Intelligent Data Analytics Lab
In the era of big data, data analytics underpins the data-intensive research that responds to industrial challenges. Artificial intelligence (AI) has developed into the most powerful data analytics technology in recent years, leading to remarkable breakthroughs in many fields. These breakthroughs are benefiting industrial sectors as varied as information and communications technology (ICT), finance, health, transportation and manufacturing.
Swinburne’s Intelligent Data Analytics Lab focuses on the research and applications of artificial intelligence techniques for tackling versatile real-world data analysis tasks across various fields with the aim of facilitating the data-to-discovery or data-to-decision process, especially in the context of big data.
We leverage the combined power of artificial intelligence, big data and high-performance computing to deliver accurate, fast and robust data analysis solutions needed by industrial and governmental sectors as well as academia.
Swinburne’s intelligent data analytics experts are investigating innovative ways to identify, extract and integrate intelligence from data to enable organisations to act on opportunities to improve their productivity, economic growth and sustainability.

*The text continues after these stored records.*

lemma agg_reachable_merge_subset:
  "agg_reachable n A M \<Longrightarrow> N \<subseteq># M \<Longrightarrow> agg_merge A N N' \<Longrightarrow> agg_reachable n A N'"
  unfolding agg_reachable_def
proof (induction M arbitrary: N N' rule: rtranclp_induct)
  case base
  then show ?case using agg_merge_empty by auto
next
  case (step M M')
  then have size: "size M < n" and merge: "agg_merge A (M + {#1#}) M'"
    using agg_step_iff by auto
  obtain N1 where "N1 \<subseteq># M + {#1#}" "agg_merge A N1 N"
    using agg_merge_subset[OF merge step.prems(1)] by blast
  then have N1: "N1 \<subseteq># M + {#1#}" "agg_merge A N1 N'"
    using agg_merge_trans step.prems(2) by blast+
  show ?case
  proof (cases "1 \<in># N1")
    case True
    then have "N1 - {#1#} \<subseteq># M" using N1(1) by (simp add: subset_eq_diff_conv)
    then have "(agg_step n A)\<^sup>*\<^sup>* {#} (N1 - {#1#})" and "size (N1 - {#1#}) < n"
      using step.IH[OF _ agg_merge_refl] size_mset_mono size by (blast, fastforce)
    moreover have "agg_merge A (N1 - {#1#} + {#1#}) N'" using True N1(2) by simp
    ultimately have "agg_step n A (N1 - {#1#}) N'" unfolding agg_step_iff by blast
    then show ?thesis using \<open>(agg_step n A)\<^sup>*\<^sup>* {#} (N1 - {#1#})\<close> by simp
  next
    case False
    then have "N1 \<subseteq># M" using N1(1)
      by (metis add_mset_add_single diff_single_trivial subset_eq_diff_conv add.commute)
    then show ?thesis using step.IH N1(2) by blast
  qed
qed

lemma agg_reachable_in_A: "agg_reachable n A M \<Longrightarrow> 1 \<in> A \<Longrightarrow> a \<in># M \<Longrightarrow> a \<in> A"
  unfolding agg_reachable_def
proof (induction arbitrary: a rule: rtranclp_induct)
  case (step M M')
  then have "agg_merge A (M + {#1#}) M'" by (simp add: agg_step_iff)
  moreover have "\<forall>b\<in>#M + {#1#}. b \<in> A" using step.IH step.prems(1) by auto
  ultimately show ?case using agg_merge_in_A step.prems(2) by blast
qed simp

lemma agg_step_sum_mset: "agg_step n A M M' \<Longrightarrow> sum_mset M' = sum_mset M + 1"
  using agg_step_iff agg_merge_sum_mset by fastforce

lemma agg_reachable_sum_mset_le:
  "agg_reachable n A M \<Longrightarrow> k \<le> sum_mset M \<Longrightarrow> \<exists>M'. agg_reachable n A M' \<and> sum_mset M' = k"
  unfolding agg_reachable_def
proof (induction arbitrary: k rule: rtranclp_induct)
  case (step M M')
  then show ?case
    using agg_step_sum_mset[OF step.hyps(2)] rtranclp.rtrancl_into_rtrancl[OF step.hyps]
    by (cases "k = sum_mset M'") auto
qed auto

text \<open>The induction follows the tile that has absorbed the first placed 1; the remaining
  tiles were built without ever using its cell.\<close>
lemma agg_reachable_remove_tile:
  assumes "agg_reachable n A M" "M \<noteq> {#}"
  shows "\<exists>a\<in>#M. agg_reachable (n - 1) A (M - {#a#})"
  using assms(1)[unfolded agg_reachable_def] assms(2)
proof (induction rule: rtranclp_induct)
  case (step M M')
  then have size: "size M < n" and merge: "agg_merge A (M + {#1#}) M'"
    using agg_step_iff by auto
  obtain c where c: "c \<in># M + {#1#}" "agg_reachable (n - 1) A (M + {#1#} - {#c#})"
  proof (cases "M = {#}")
    case True
    then show ?thesis using that[of 1] agg_reachable_empty by simp
  next
    case False
    then obtain a where a: "a \<in># M" "agg_reachable (n - 1) A (M - {#a#})" using step.IH by blast
    moreover have "size (M - {#a#}) < n - 1"
      using a(1) size False by (simp add: size_Diff_singleton nonempty_has_size)
    ultimately have "agg_reachable (n - 1) A (M - {#a#} + {#1#})"
      using agg_reachable_add_one by blast
    then show ?thesis using that[of a] a(1) by simp
  qed
  obtain b N0 where "b \<in># M'" "N0 \<subseteq># M + {#1#} - {#c#}" "agg_merge A N0 (M' - {#b#})"
    using agg_merge_remove_tile[OF merge c(1)] by blast
  then show ?case using agg_reachable_merge_subset c(2) by blast
qed simp

lemma agg_reachable_add:
  assumes "agg_reachable m A Q" "agg_reachable n A M" "size M + m \<le> n"
  shows "agg_reachable n A (Q + M)"
  using assms(1)[unfolded agg_reachable_def]
proof (induction rule: rtranclp_induct)
  case base
  then show ?case using assms(2) by simp
next
  case (step Q Q')
  then have "size Q < m" "agg_merge A (Q + {#1#}) Q'" using agg_step_iff by auto
  then have "agg_step n A (Q + M) (Q' + M)"
    using agg_merge_add[of A "Q + {#1#}" Q' M] assms(3) agg_step_iff
    by (simp add: add.commute add.left_commute)
  then show ?case using step.IH agg_reachable_step by blast
qed

lemma agg_reachable_last_step:
  assumes "agg_reachable n A M" "M \<noteq> {#}"
  obtains Q where "agg_reachable n A Q" "agg_step n A Q M"
  using assms unfolding agg_reachable_def by (metis rtranclp.cases)

lemma agg_reachable_singleton_le:
  assumes "agg_reachable n A {#x#}" "y \<in> A" "0 < y" "y \<le> x"
  shows "agg_reachable n A {#y#}"
proof -
  obtain M where M: "agg_reachable n A M" "sum_mset M = y"
    using agg_reachable_sum_mset_le[OF assms(1)] assms(4) by auto
  moreover have "M \<noteq> {#}" using M(2) assms(3) by auto
  ultimately have "agg_merge A M {#y#}" using agg_merge_all[of M A] assms(2) by simp
  then show ?thesis using agg_reachable_merge_subset[OF M(1)] by blast
qed

lemma agg_reachable_singleton_split:
  assumes "agg_reachable n A {#x#}" "1 \<in> A" "1 < x"
  shows "\<exists>a\<in>A. a < x \<and> (\<exists>P. agg_reachable (n - 1) A P \<and> sum_mset P = x - a)"
proof -
  obtain Q where Q: "agg_reachable n A Q" "agg_step n A Q {#x#}"
    using agg_reachable_last_step[OF assms(1)] by (metis empty_not_add_mset)
  have reach: "agg_reachable n A (Q + {#1#})"
    using agg_reachable_add_one Q agg_step_iff by blast
  then obtain a where a: "a \<in># Q + {#1#}" "agg_reachable (n - 1) A (Q + {#1#} - {#a#})"
    using agg_reachable_remove_tile[OF reach] by (metis empty_not_add_mset add_mset_add_single)
  have sum_Q: "sum_mset (Q + {#1#}) = x" using agg_step_sum_mset[OF Q(2)] by simp
  define R where "R = Q + {#1#} - {#a#}"
  have sum_R: "a + sum_mset R = x" unfolding R_def using sum_mset.remove[OF a(1)] sum_Q by simp
  have "a < x"
  proof (cases "a = 1")
    case False
    then have "1 \<in># R" unfolding R_def by (simp add: in_diff_count)
    then show ?thesis using sum_R sum_mset.remove[of 1 R] by simp
  qed (use assms(3) in simp)
  moreover have "a \<in> A" using agg_reachable_in_A reach assms(2) a(1) by blast
  moreover have "sum_mset R = x - a" using sum_R by simp
  ultimately show ?thesis using a(2) unfolding R_def by blast
qed
(* (Schwarz lemma for biharmonic mappings) Let $H:\mathbb{D}\to\mathbb{D}$ be harmonic, $H=w_1+\overline{w_2}$ with $w_1,w_2$ analytic in $\mathbb{D}=\{|z|<1\}$. Suppose $u:\mathbb{D}\to\mathbb{D}$ is the biharmonic function $$u(z)=H(z)+\frac{1}{2}(1-|z|^{2})\big(zw_1'(z)+\overline{zw_2'(z)}\big)$$ and $u(0)=0$. Then for all $z\in\mathbb{D}$, $$|u(z)|\le \frac{4}{\pi}\arctan(|z|)+|z|,$$ and $$\Lambda_u(0)=|u_z(0)|+|u_{\overline z}(0)|\le \frac{6}{\pi}.$$ *)

theory Defs
  imports "HOL-Analysis.Analysis"
begin

definition wirtinger_z :: "(complex \<Rightarrow> complex) \<Rightarrow> complex \<Rightarrow> complex" where
  "wirtinger_z u z = (frechet_derivative u (at z) 1 - \<i> * frechet_derivative u (at z) \<i>) / 2"

definition wirtinger_zbar :: "(complex \<Rightarrow> complex) \<Rightarrow> complex \<Rightarrow> complex" where
  "wirtinger_zbar u z = (frechet_derivative u (at z) 1 + \<i> * frechet_derivative u (at z) \<i>) / 2"

definition Lambda :: "(complex \<Rightarrow> complex) \<Rightarrow> complex \<Rightarrow> real" where
  "Lambda u z = norm (wirtinger_z u z) + norm (wirtinger_zbar u z)"

end

theory Submission
  imports Defs "HOL-Complex_Analysis.Complex_Analysis"
begin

The Intelligent Data Analytics Lab’s major research capabilities include:
- Machine learning (particularly deep learning, ensemble learning and transfer learning)
- Optimisation (particularly data-driven evolutionary optimisation)
- Collaborative learning and optimisation (i.e., the synergy of machine learning and optimisation)
- Distributed machine learning and distributed optimisation based on high-performance computing facilities with hybrid GPU-CPU architectures
- Big data analytics (particularly predictive and prescriptive analytics)
- Computer vision, image processing and video analytics
- Text mining and analytics
- Time-series analytics
The Intelligent Data Analytics Lab has access to Swinburne supercomputer OzSTAR, which is one of the most powerful high-performance computing facilities in Australia. OzSTAR features:
- 4140 SkyLake cores at 2.3Ghz across 107 standard compute and 8 data crunching nodes
- 230 NVIDIA Tesla P100 12 GB GPUs
- 272 Intel Xeon Phi cores at 1.6Ghz across 4 C6320pKNL nodes
- High-speed and low-latency network fabric able to move data across each building block at over 100Gbps with various features to ensure reliability and traffic flow
- 5 petabyte of usable storage via the Lustre ZFS file system at 30GB/s throughput
It can provide sufficient computational horsepower to enable computationally intensive data analytics, especially for handling big data.